Старец тихо поглядел на него и взгляд его словно бы выразил: чего это малый пытает-то блазно?
– В мир? – молвил он, помолчав немного. – Да что в миру-то делать? Я и тут в мире… Вот он, мир Божий, окрест меня… и тих и прекрасен… Чего же еще-то?
– Да, чем дальше от людей, тем лучше, – заметил Шишкин. – Теперь в миру-то Бог весть что делается!.. Кажись, никогда еще такого не бывало… Веру, дедушка, обижают!
Старик внимательно посмотрел на юношу.
– Веру? Какую такую веру-то?
– Нашу, дедушка, нашу! Христианскую.
– Кто ж обижает-то?
– Как кто!.. Известно, начальство, власти…
Тот, прежде чем ответить, еще раз внимательно поглядел на обоих.
– За что ж им свою-то веру обижать? – возразил он. – Они, напротив того, блюдут свою веру-то; им не стать обижать ее.
– Да им это все одно, дедушка!
Старик тихо улыбнулся. "Молодо– зелено", – сказала улыбка его.
– Нет, чадушко, не все одно! – вздохнул он. – Ты какую веру разумеешь-то? Веры есть разные, и всяка себя православной нарицает. Кабы нашу веру обижать, ну, это дело иное, потому вера наша старозаконная.
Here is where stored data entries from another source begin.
lemma countable_cover_has_splitting_subfamily:
  fixes I :: "'i set"
  assumes \<U>: "\<U> \<in> CC X" "countable \<U>" and X: "X = (\<Union>\<alpha>\<in>I. Xs \<alpha>)"
    and small: "below_u I" and pieces: "\<forall>\<alpha>\<in>I. Split CC CC (Xs \<alpha>)"
  shows "\<exists>\<V>\<subseteq>\<U>. \<forall>x\<in>X. infinite (occ \<V> x) \<and> infinite (occ (\<U> - \<V>) x)"
proof (rule ccontr)
  assume unsplittable: "\<not> ?thesis"
  then have "X \<noteq> {}"
    by blast
  have tau: "tau_cover X \<U>"
    using \<U>(1) by (rule tau_cover)
  note ultra = occ_filter_ultra_if_unsplittable[OF unsplittable]
  show False
  proof (cases "\<exists>\<alpha>\<in>I. cofinal_in \<U> (Xs \<alpha>) X")
    case True
    then obtain \<alpha> where \<alpha>: "\<alpha> \<in> I" "cofinal_in \<U> (Xs \<alpha>) X"
      by blast
    moreover have "Xs \<alpha> \<subseteq> X"
      using X \<alpha>(1) by blast
    ultimately show False
      using cofinal_piece_not_Split[OF \<U>(1) _ _ ultra] pieces by blast
  next
    case False
    then obtain c where "c ` I \<subseteq> X" "cofinal_in \<U> (c ` I) X"
      using cofinal_points_if_no_cofinal_piece[OF tau X] by blast
    then obtain B where "ultrafilter_base B" "B \<lesssim> c ` I"
      using ultrafilter_base_from_cofinal[OF tau \<U>(2) \<open>X \<noteq> {}\<close> ultra] by blast
    moreover have "c ` I \<lesssim> I"
      by (rule image_lepoll)
    ultimately show False
      using small lepoll_trans unfolding below_u_def by blast
  qed
qed

theorem Split_UN:
  fixes I :: "'i set"
  assumes "below_u I" "\<forall>\<alpha>\<in>I. Split CC CC (Xs \<alpha>)"
  shows "Split CC CC (\<Union>\<alpha>\<in>I. Xs \<alpha>)" (is "Split CC CC ?X")
  unfolding Split_def
proof
  fix \<U> assume "\<U> \<in> CC ?X"
  then obtain \<W> where \<W>: "\<W> \<subseteq> \<U>" "countable \<W>" "\<W> \<in> CC ?X"
    using countable_subcover by blast
  then obtain \<V> where \<V>: "\<V> \<subseteq> \<W>" "\<forall>x\<in>?X. infinite (occ \<V> x) \<and> infinite (occ (\<W> - \<V>) x)"
    using countable_cover_has_splitting_subfamily[OF \<W>(3,2) refl assms] by blast
  have "\<V> \<in> CC ?X" "\<W> - \<V> \<in> CC ?X"
    using subfamily[OF \<W>(3)] \<V> by auto
  moreover have "\<V> \<subseteq> \<U>" "\<W> - \<V> \<subseteq> \<U> - \<V>"
    using \<W>(1) \<V>(1) by blast+
  ultimately show "\<exists>\<V>\<^sub>1 \<V>\<^sub>2. \<V>\<^sub>1 \<inter> \<V>\<^sub>2 = {} \<and> \<V>\<^sub>1 \<union> \<V>\<^sub>2 = \<U> \<and>
      (\<exists>\<W>. \<W> \<subseteq> \<V>\<^sub>1 \<and> \<W> \<in> CC ?X) \<and> (\<exists>\<W>. \<W> \<subseteq> \<V>\<^sub>2 \<and> \<W> \<in> CC ?X)"
    by (intro exI[of _ \<V>] exI[of _ "\<U> - \<V>"]) blast
qed

end

interpretation T: tau_cover_class T_covers
proof
  fix X \<U> assume "\<U> \<in> T_covers X"
  then show "tau_cover X \<U>"
    by (simp add: T_covers_def)
next
  fix X \<U> \<W> assume "\<U> \<in> T_covers X" "\<W> \<subseteq> \<U>" "\<forall>x\<in>X. infinite (occ \<W> x)"
  then show "\<W> \<in> T_covers X"
    using tau_cover_subfamily[of X \<U> \<W>] by (auto simp: T_covers_def)
next
  fix X Y \<U> \<T> assume "\<U> \<in> T_covers X" "Y \<subseteq> X" "tau_cover Y \<T>" "\<T> \<subseteq> (\<lambda>U. U \<inter> Y) ` \<U>"
  then show "\<T> \<in> T_covers Y"
    using openin_Int_subspace[of X _ Y] by (auto simp: T_covers_def)
next
  fix X \<U> assume "\<U> \<in> T_covers X"
  then show "\<exists>\<W>\<subseteq>\<U>. countable \<W> \<and> \<W> \<in> T_covers X"
    by (rule countable_T_subcover)
qed

interpretation BT: tau_cover_class BT_covers
proof
  fix X \<U> assume "\<U> \<in> BT_covers X"
  then show "tau_cover X \<U>"
    by (simp add: BT_covers_def)
next
  fix X \<U> \<W> assume "\<U> \<in> BT_covers X" "\<W> \<subseteq> \<U>" "\<forall>x\<in>X. infinite (occ \<W> x)"
  then show "\<W> \<in> BT_covers X"
    using tau_cover_subfamily[of X \<U> \<W>] countable_subset[of \<W> \<U>] by (auto simp: BT_covers_def)
next
  fix X Y \<U> \<T> assume \<U>: "\<U> \<in> BT_covers X" and "Y \<subseteq> X" "tau_cover Y \<T>"
    and \<T>: "\<T> \<subseteq> (\<lambda>U. U \<inter> Y) ` \<U>"
  have "\<exists>B\<in>sets borel. V = Y \<inter> B" if "V \<in> \<T>" for V
  proof -
    obtain U where "U \<in> \<U>" "V = U \<inter> Y"
      using \<open>V \<in> \<T>\<close> \<T> by blast
    moreover obtain B where "B \<in> sets borel" "U = X \<inter> B"
      using \<U> \<open>U \<in> \<U>\<close> by (auto simp: BT_covers_def)
    ultimately show ?thesis
      using \<open>Y \<subseteq> X\<close> by blast
  qed
  moreover have "countable \<T>"
    using \<U> countable_subset[OF \<T>] by (simp add: BT_covers_def)
  ultimately show "\<T> \<in> BT_covers Y"
    using \<open>tau_cover Y \<T>\<close> by (simp add: BT_covers_def)
next
  fix X \<U> assume "\<U> \<in> BT_covers X"
  then show "\<exists>\<W>\<subseteq>\<U>. countable \<W> \<and> \<W> \<in> BT_covers X"
    by (auto simp: BT_covers_def)
qed

interpretation CT: tau_cover_class CT_covers
proof
  fix X \<U> assume "\<U> \<in> CT_covers X"
  then show "tau_cover X \<U>"
    by (simp add: CT_covers_def)
next
  fix X \<U> \<W> assume "\<U> \<in> CT_covers X" "\<W> \<subseteq> \<U>" "\<forall>x\<in>X. infinite (occ \<W> x)"
  then show "\<W> \<in> CT_covers X"
    using tau_cover_subfamily[of X \<U> \<W>] countable_subset[of \<W> \<U>] by (auto simp: CT_covers_def)
next
  fix X Y \<U> \<T> assume \<U>: "\<U> \<in> CT_covers X" and "Y \<subseteq> X" "tau_cover Y \<T>"
    and \<T>: "\<T> \<subseteq> (\<lambda>U. U \<inter> Y) ` \<U>"
  have "openin (top_of_set Y) V \<and> closedin (top_of_set Y) V" if "V \<in> \<T>" for V
  proof -
    obtain U where "U \<in> \<U>" "V = U \<inter> Y"
      using \<open>V \<in> \<T>\<close> \<T> by blast
    then show ?thesis
      using \<U> \<open>Y \<subseteq> X\<close> openin_Int_subspace[of X U Y] closedin_Int_subspace[of X U Y]
      by (simp add: CT_covers_def)
  qed
  moreover have "countable \<T>"
    using \<U> countable_subset[OF \<T>] by (simp add: CT_covers_def)
  ultimately show "\<T> \<in> CT_covers Y"
    using \<open>tau_cover Y \<T>\<close> by (simp add: CT_covers_def)
next
  fix X \<U> assume "\<U> \<in> CT_covers X"
  then show "\<exists>\<W>\<subseteq>\<U>. countable \<W> \<and> \<W> \<in> CT_covers X"
    by (auto simp: CT_covers_def)
qed

theorem theorem6p4:
  fixes X :: "real set" and I :: "'i set" and Xs :: "'i \<Rightarrow> real set"
  assumes "infinite X" and "X = (\<Union>\<alpha>\<in>I. Xs \<alpha>)"
  shows
    "(below_u I \<and> (\<forall>\<alpha>\<in>I. Split T_covers T_covers (Xs \<alpha>)) \<longrightarrow> Split T_covers T_covers X) \<and>
     (below_u I \<and> (\<forall>\<alpha>\<in>I. Split BT_covers BT_covers (Xs \<alpha>)) \<longrightarrow> Split BT_covers BT_covers X) \<and>
     (below_u I \<and> (\<forall>\<alpha>\<in>I. Split CT_covers CT_covers (Xs \<alpha>)) \<longrightarrow> Split CT_covers CT_covers X) \<and>
     (countable I \<and> (\<forall>\<alpha>\<in>I. Split T_covers T_covers (Xs \<alpha>)) \<longrightarrow> Split T_covers T_covers X) \<and>
     (countable I \<and> (\<forall>\<alpha>\<in>I. Split BT_covers BT_covers (Xs \<alpha>)) \<longrightarrow> Split BT_covers BT_covers X) \<and>
     (countable I \<and> (\<forall>\<alpha>\<in>I. Split CT_covers CT_covers (Xs \<alpha>)) \<longrightarrow> Split CT_covers CT_covers X)"
  using T.Split_UN[of I Xs] BT.Split_UN[of I Xs] CT.Split_UN[of I Xs] countable_imp_below_u[of I]
  unfolding assms(2) by blast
Она же просия древле с южных стран, от Киева-града. А ныне пошла все вера искаженная ляшецами да щепотниками. Одни только наши отцы, что живут в немцах да в турках, прости Господи, остались невредимы в вере-то. А спаслись они по старым книгам, которые писаны прежде Никона патриарха, ходяще по образу Божию и по подобию его. А которые и по России живут, так и тех, слышно, ныне не трогают. Да и что же трогать, коли они, по писанию, крыяхуся в горах и вертепах, и в пропастях земных, и никому никакого зла не творят?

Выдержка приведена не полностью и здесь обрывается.